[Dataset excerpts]

════

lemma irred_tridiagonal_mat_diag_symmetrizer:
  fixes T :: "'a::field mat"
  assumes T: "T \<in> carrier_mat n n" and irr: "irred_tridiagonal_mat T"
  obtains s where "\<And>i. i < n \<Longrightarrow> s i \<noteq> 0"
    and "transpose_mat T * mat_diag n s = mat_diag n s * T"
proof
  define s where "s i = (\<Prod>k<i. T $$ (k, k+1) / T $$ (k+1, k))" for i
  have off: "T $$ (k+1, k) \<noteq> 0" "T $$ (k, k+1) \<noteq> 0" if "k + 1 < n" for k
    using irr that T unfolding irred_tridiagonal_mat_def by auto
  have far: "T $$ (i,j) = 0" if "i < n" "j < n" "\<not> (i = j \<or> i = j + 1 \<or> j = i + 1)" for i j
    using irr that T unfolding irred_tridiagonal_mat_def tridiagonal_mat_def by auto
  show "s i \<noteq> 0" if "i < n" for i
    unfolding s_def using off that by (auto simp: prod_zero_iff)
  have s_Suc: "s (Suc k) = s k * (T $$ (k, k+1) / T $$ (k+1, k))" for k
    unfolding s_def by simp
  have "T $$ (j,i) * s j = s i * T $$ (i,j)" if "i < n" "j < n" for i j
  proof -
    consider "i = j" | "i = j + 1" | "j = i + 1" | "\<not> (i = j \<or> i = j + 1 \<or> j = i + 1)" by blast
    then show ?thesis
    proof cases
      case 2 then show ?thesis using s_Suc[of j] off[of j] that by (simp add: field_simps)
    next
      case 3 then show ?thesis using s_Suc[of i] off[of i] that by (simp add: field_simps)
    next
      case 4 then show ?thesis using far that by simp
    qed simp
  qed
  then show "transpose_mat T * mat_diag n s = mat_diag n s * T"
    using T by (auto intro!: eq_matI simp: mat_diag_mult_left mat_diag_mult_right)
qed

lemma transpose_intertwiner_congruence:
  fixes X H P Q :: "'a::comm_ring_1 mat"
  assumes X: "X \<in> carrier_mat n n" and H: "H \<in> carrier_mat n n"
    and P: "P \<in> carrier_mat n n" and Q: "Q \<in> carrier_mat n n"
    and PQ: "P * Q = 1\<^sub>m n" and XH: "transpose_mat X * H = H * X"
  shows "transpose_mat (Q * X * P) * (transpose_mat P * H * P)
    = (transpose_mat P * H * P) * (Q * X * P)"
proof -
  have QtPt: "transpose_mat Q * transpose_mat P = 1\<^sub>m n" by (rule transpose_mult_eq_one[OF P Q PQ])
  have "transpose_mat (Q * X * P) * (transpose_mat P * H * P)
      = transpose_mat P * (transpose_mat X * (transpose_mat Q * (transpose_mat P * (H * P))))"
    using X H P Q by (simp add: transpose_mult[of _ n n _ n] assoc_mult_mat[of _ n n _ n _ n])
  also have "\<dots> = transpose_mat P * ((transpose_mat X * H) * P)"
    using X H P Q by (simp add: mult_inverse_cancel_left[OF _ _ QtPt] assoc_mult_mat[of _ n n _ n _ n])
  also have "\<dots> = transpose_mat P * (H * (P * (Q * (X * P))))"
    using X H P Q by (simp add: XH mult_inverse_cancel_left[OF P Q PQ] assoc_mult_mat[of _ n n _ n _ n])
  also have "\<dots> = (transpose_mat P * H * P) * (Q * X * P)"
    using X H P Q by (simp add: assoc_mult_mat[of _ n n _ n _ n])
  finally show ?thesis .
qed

════

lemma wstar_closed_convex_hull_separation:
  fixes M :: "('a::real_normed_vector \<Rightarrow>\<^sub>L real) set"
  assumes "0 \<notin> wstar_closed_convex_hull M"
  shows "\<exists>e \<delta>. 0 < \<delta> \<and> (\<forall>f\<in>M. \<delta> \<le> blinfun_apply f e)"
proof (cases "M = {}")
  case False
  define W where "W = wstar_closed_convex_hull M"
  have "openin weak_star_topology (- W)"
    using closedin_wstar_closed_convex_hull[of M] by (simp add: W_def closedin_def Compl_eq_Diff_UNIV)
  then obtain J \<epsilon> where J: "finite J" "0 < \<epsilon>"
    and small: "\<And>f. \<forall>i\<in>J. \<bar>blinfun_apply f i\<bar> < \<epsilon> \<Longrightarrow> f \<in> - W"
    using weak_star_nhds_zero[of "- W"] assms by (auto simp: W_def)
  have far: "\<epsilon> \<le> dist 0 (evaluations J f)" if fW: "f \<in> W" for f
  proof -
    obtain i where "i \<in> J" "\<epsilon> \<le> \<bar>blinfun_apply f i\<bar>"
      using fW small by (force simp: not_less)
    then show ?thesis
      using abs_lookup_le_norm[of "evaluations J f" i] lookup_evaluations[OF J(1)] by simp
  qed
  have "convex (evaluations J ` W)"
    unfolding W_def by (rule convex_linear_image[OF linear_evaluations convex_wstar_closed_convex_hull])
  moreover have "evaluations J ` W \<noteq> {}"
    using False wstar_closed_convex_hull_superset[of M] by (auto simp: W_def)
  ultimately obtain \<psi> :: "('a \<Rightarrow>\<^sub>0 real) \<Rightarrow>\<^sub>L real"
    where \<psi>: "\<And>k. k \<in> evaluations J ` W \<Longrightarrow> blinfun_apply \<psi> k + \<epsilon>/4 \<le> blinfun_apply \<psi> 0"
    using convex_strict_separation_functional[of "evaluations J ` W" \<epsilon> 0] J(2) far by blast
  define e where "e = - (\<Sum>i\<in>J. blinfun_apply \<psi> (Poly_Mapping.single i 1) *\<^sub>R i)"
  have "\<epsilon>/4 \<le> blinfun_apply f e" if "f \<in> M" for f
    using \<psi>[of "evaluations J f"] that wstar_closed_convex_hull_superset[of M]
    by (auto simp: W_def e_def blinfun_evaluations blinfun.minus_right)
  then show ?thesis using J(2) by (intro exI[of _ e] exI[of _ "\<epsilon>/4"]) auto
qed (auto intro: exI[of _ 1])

════

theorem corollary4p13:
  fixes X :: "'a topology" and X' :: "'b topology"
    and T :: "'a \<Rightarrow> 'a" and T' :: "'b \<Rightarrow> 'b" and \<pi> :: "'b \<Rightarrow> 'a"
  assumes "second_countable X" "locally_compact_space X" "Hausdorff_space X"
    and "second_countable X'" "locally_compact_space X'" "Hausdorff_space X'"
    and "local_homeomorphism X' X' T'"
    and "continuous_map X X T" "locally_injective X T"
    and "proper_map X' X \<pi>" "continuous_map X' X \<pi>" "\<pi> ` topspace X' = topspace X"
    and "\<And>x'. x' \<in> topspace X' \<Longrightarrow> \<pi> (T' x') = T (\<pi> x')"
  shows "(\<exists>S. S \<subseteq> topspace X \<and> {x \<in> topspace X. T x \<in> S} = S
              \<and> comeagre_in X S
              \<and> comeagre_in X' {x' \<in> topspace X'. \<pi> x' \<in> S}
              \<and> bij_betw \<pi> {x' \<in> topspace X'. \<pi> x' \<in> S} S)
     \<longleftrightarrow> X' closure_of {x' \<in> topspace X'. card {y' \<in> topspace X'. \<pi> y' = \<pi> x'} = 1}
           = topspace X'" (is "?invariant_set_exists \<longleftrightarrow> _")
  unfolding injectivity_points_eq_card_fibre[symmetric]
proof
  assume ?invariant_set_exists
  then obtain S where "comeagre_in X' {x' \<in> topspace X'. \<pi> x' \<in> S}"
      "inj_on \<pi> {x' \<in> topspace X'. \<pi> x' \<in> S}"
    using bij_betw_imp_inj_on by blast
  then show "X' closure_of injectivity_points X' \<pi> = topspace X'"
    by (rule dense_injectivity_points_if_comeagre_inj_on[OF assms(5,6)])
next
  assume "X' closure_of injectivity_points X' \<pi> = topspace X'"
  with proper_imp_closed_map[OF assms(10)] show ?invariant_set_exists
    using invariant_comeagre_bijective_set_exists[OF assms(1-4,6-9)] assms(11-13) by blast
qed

════

● What you should do: Note down each line above where the word "define" occurs.

● Result below:
  define s where "s i = (\<Prod>k<i. T $$ (k, k+1) / T $$ (k+1, k))" for i
  define W where "W = wstar_closed_convex_hull M"
  define e where "e = - (\<Sum>i\<in>J. blinfun_apply \<psi> (Poly_Mapping.single i 1) *\<^sub>R i)"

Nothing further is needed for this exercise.